Сны и страхи (Сборник) - Быков Дмитрий Львович 8 стр.


Так вот, мы имеем к вам поручение, товарищ Бутыкин. (Пауза. Умеют.) Поручение деликатное. (Пауза.) Понимая, что вы человек разумный и все это — строгая секретность. Короче, вы находите там этого Манахина. И если действительно этот Манахин что-то такое знает, то мы, конечно, готовы вывести любого литературного плагиатора на чистую воду. Но поскольку Манахин, как вы понимаете, ничего не знает и все один блеф, то вы раздраконьте-ка нам его как следует, да и самому объясните, что если он там будет рот открывать, так ведь у нас и во Франции друзья среди рабочего класса. Внятно это вам, товарищ Бутыкин? Действуйте тогда, визу мы обеспечим, и прямо-таки из Сорренто, значит, поедете в столицу мировой моды. Женаты?
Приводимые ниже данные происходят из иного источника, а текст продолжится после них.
lemma elim_template_if_reductions_in_span:
  assumes basis: "is_monomial_basis (gen_ideal F) B"
    and finite: "\<forall>j<length F. finite (A j)"
    and reductions: "\<forall>r\<in>(\<lambda>b. a + b) ` B - B. \<exists>p\<in>mpoly.span (shifts A F). is_reduction B r p"
  shows "elim_template F B a A"
proof -
  define S where "S = shifts A F"
  define R where "R = (\<lambda>b. a + b) ` B - B"
  have R_sub: "R \<subseteq> monoms_of S"
  proof
    fix r assume r: "r \<in> R"
    then obtain p where "p \<in> mpoly.span S" "is_reduction B r p"
      using reductions unfolding R_def S_def by blast
    then show "r \<in> monoms_of S"
      using reduction_mem_monoms_of_shifts r unfolding R_def S_def by blast
  qed
  have block: "block_form (gauss_jordan_single (macaulay rows (es @ rs @ bs)))
      (length es) (length rs) (length bs)"
    if rows: "distinct rows" "set rows = S" and es: "distinct es" "set es = monoms_of S - (R \<union> B)"
      and rs: "distinct rs" "set rs = R" for rows es rs bs
  proof (rule macaulay_gauss_jordan_block_form[OF rows(1)])
    have ers: "set (es @ rs) = monoms_of S - B"
      using es rs R_sub unfolding R_def by auto
    show "distinct (es @ rs)" using es rs by auto
    show "\<forall>r\<in>set rs. \<exists>p\<in>mpoly.span (set rows).
        \<forall>m\<in>set (es @ rs). Poly_Mapping.lookup p m = (if m = r then 1 else 0)"
    proof
      fix r assume "r \<in> set rs"
      then obtain p where "p \<in> mpoly.span S" "is_reduction B r p"
        using reductions rs(2) unfolding R_def S_def by blast
      then show "\<exists>p\<in>mpoly.span (set rows).
          \<forall>m\<in>set (es @ rs). Poly_Mapping.lookup p m = (if m = r then 1 else 0)"
        using ers rows(2) unfolding is_reduction_def by blast
    qed
    show "\<forall>p\<in>mpoly.span (set rows). (\<forall>m\<in>set (es @ rs). Poly_Mapping.lookup p m = 0) \<longrightarrow>
        (\<forall>m\<in>set bs. Poly_Mapping.lookup p m = 0)"
    proof (rule ballI, rule impI)
      fix p assume "p \<in> mpoly.span (set rows)" "\<forall>m\<in>set (es @ rs). Poly_Mapping.lookup p m = 0"
      then have "p = 0"
        using span_shifts_eq_0_if_vanishes_off_basis[OF basis, of p A] rows(2) ers
        unfolding S_def by simp
      then show "\<forall>m\<in>set bs. Poly_Mapping.lookup p m = 0" by simp
    qed
  qed
  show ?thesis
    unfolding elim_template_def Let_def S_def[symmetric] R_def[symmetric]
  proof (intro conjI finite R_sub allI impI)
    fix rows es rs bs
    assume "distinct rows \<and> set rows = S \<and> distinct es \<and> set es = monoms_of S - (R \<union> B) \<and>
      distinct rs \<and> set rs = R \<and> distinct bs \<and> set bs = B \<inter> monoms_of S"
    then show "block_form (gauss_jordan_single (macaulay rows (es @ rs @ bs)))
        (length es) (length rs) (length bs)"
      by (elim conjE) (rule block; assumption)
  qed
qed

theorem mainTheorem2:
  fixes F :: "('v, 'k::field) mpoly list"
    and B :: "'v monom set"
    and a :: "'v monom"
    and T :: "'v monom \<Rightarrow> 'v monom \<Rightarrow> 'k"
    and H :: "'v monom \<Rightarrow> nat \<Rightarrow> ('v, 'k) mpoly"
  assumes basis: "is_monomial_basis (gen_ideal F) B"
    and a_ne_1: "a \<noteq> 0"
    and mult: "is_mult_matrix (gen_ideal F) B a T"
    and H: "\<forall>b\<in>B. Vvec B a T b = (\<Sum>k<length F. H b k * F ! k)"
  shows "elim_template F B a (\<lambda>k. \<Union>b\<in>B. Poly_Mapping.keys (H b k))"
proof (rule elim_template_if_reductions_in_span[OF basis])
  have "finite B" using basis unfolding is_monomial_basis_def by simp
  then show "\<forall>j<length F. finite (\<Union>b\<in>B. Poly_Mapping.keys (H b j))" by simp
  have "Vvec B a T b \<in> mpoly.span (shifts (\<lambda>k. \<Union>b\<in>B. Poly_Mapping.keys (H b k)) F)"
    if "b \<in> B" for b
  proof -
    have "\<forall>j<length F. Poly_Mapping.keys (H b j) \<subseteq> (\<Union>b\<in>B. Poly_Mapping.keys (H b j))"
      using that by blast
    from sum_mult_mem_span_shifts[OF this] show ?thesis using H that by simp
  qed
  with is_reduction_Vvec[OF \<open>finite B\<close>]
  show "\<forall>r\<in>(\<lambda>b. a + b) ` B - B.
      \<exists>p\<in>mpoly.span (shifts (\<lambda>k. \<Union>b\<in>B. Poly_Mapping.keys (H b k)) F). is_reduction B r p"
    by blast
qed

end
definition vblock :: "nat \<Rightarrow> complex vec \<Rightarrow> nat \<Rightarrow> complex vec" where
  "vblock D w j = vec D (\<lambda>r. w $ (j*D + r))"

definition geom_stack :: "nat \<Rightarrow> nat \<Rightarrow> complex \<Rightarrow> complex vec \<Rightarrow> complex vec" where
  "geom_stack D k c p = vec ((k+1)*D) (\<lambda>i. (inverse c) ^ (i div D) * p $ (i mod D))"

end

theory Submission
  imports Defs
begin

text \<open>An eigenvector of a block companion matrix with nonzero eigenvalue \<open>\<lambda>\<close> is forced by the
  identity blocks to be a geometric stack \<open>[p; \<lambda>\<^sup>-\<^sup>1 p; \<dots>; \<lambda>\<^sup>-\<^sup>k p]\<close>, and such a stack is an eigenvector
  exactly when \<open>p\<close> solves the polynomial eigenproblem \<open>(\<Sum>\<^sub>b \<lambda>\<^sup>-\<^sup>b \<Omega>\<^sub>b) p = \<lambda> p\<close> read off the first block
  row. Conjugating every \<open>\<Omega>\<^sub>b\<close> by the unitary \<open>U\<close> conjugates this matrix polynomial, so \<open>U\<close> maps
  its solutions for \<open>\<Omega>\<^sup>(\<^sup>g\<^sup>)\<close> to its solutions for \<open>\<Omega>\<^sup>(\<^sup>x\<^sup>)\<close>.\<close>

definition mat_poly :: "nat \<Rightarrow> nat \<Rightarrow> (nat \<Rightarrow> 'a :: comm_ring_1 mat) \<Rightarrow> 'a \<Rightarrow> 'a mat" where
  "mat_poly n k Om z = mat n n (\<lambda>(i,j). \<Sum>b\<le>k. z ^ b * Om b $$ (i,j))"

lemma dim_mat_poly [simp]:
  "dim_row (mat_poly n k Om z) = n" "dim_col (mat_poly n k Om z) = n"
  by (simp_all add: mat_poly_def)

lemma mat_poly_carrier [simp]: "mat_poly n k Om z \<in> carrier_mat n n"
  by (simp add: carrier_matI)

lemma index_mult_mat_vec_mat_poly:
  assumes "\<And>b. b \<le> k \<Longrightarrow> Om b \<in> carrier_mat n n" and "x \<in> carrier_vec n" and "i < n"
  shows "(mat_poly n k Om z *\<^sub>v x) $ i = (\<Sum>b\<le>k. z ^ b * (Om b *\<^sub>v x) $ i)"
proof -
  have "(\<Sum>b\<le>k. z ^ b * (Om b *\<^sub>v x) $ i) = (\<Sum>b\<le>k. \<Sum>j<n. z ^ b * Om b $$ (i,j) * x $ j)"
    using assms(2,3) carrier_matD[OF assms(1)]
    by (intro sum.cong) (auto simp: scalar_prod_def row_def sum_distrib_left mult.assoc lessThan_atLeast0)
  then show ?thesis
    using assms(2,3) by (simp add: mat_poly_def scalar_prod_def row_def sum_distrib_right
        sum.swap[where A = "{..k}"] lessThan_atLeast0)
qed

lemma mult_mat_poly:
  assumes "A \<in> carrier_mat n n" and "\<And>b. b \<le> k \<Longrightarrow> Om b \<in> carrier_mat n n"
  shows "A * mat_poly n k Om z = mat_poly n k (\<lambda>b. A * Om b) z"
proof (rule eq_matI)
  fix i j
  assume "i < dim_row (mat_poly n k (\<lambda>b. A * Om b) z)" "j < dim_col (mat_poly n k (\<lambda>b. A * Om b) z)"
  then have ij: "i < n" "j < n"
    by simp_all
  have "(\<Sum>b\<le>k. z ^ b * (A * Om b) $$ (i,j)) = (\<Sum>b\<le>k. \<Sum>l<n. A $$ (i,l) * (z ^ b * Om b $$ (l,j)))"
    using assms(1) ij carrier_matD[OF assms(2)]
    by (intro sum.cong) (auto simp: scalar_prod_def row_def col_def sum_distrib_left mult.left_commute
        lessThan_atLeast0)
  then show "(A * mat_poly n k Om z) $$ (i,j) = mat_poly n k (\<lambda>b. A * Om b) z $$ (i,j)"
    using assms(1) ij by (simp add: mat_poly_def scalar_prod_def row_def col_def sum_distrib_left
        sum.swap[where A = "{..k}"] lessThan_atLeast0)
qed (use assms in auto)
Ну так женке чулок, а то одним черноземом бабу не накормишь, — и усмехнулся так мило, так по-братски, ухремно, как говаривают у нас в воронежских краях.

План действий был оговорен, и нашелся в Париже свой человек, — вправду, значит, у Климова и среди эмиграции имелись свои, — который мог вывесть прямиком на Манахина. А хорошо было бы вот так заявиться, и не во всяких костюмах-штиблетах, которых накупил он с Максимычем, а в сапогах, во френче, да мало ли, а то и в буденовке, которой сроду, конечно, у Бутыкина не было, но для такого дела подошло бы, — зайти бы в эти самые «Последние новости» да и сказать:

— Руки вверх, пришли последние известия!

Но эффектом пришлось пренебречь, да и не было, сказал верный человек, никакой редакции: собирались на дому у редактора еженедельно, сдавали кто что мог, с миру по нитке.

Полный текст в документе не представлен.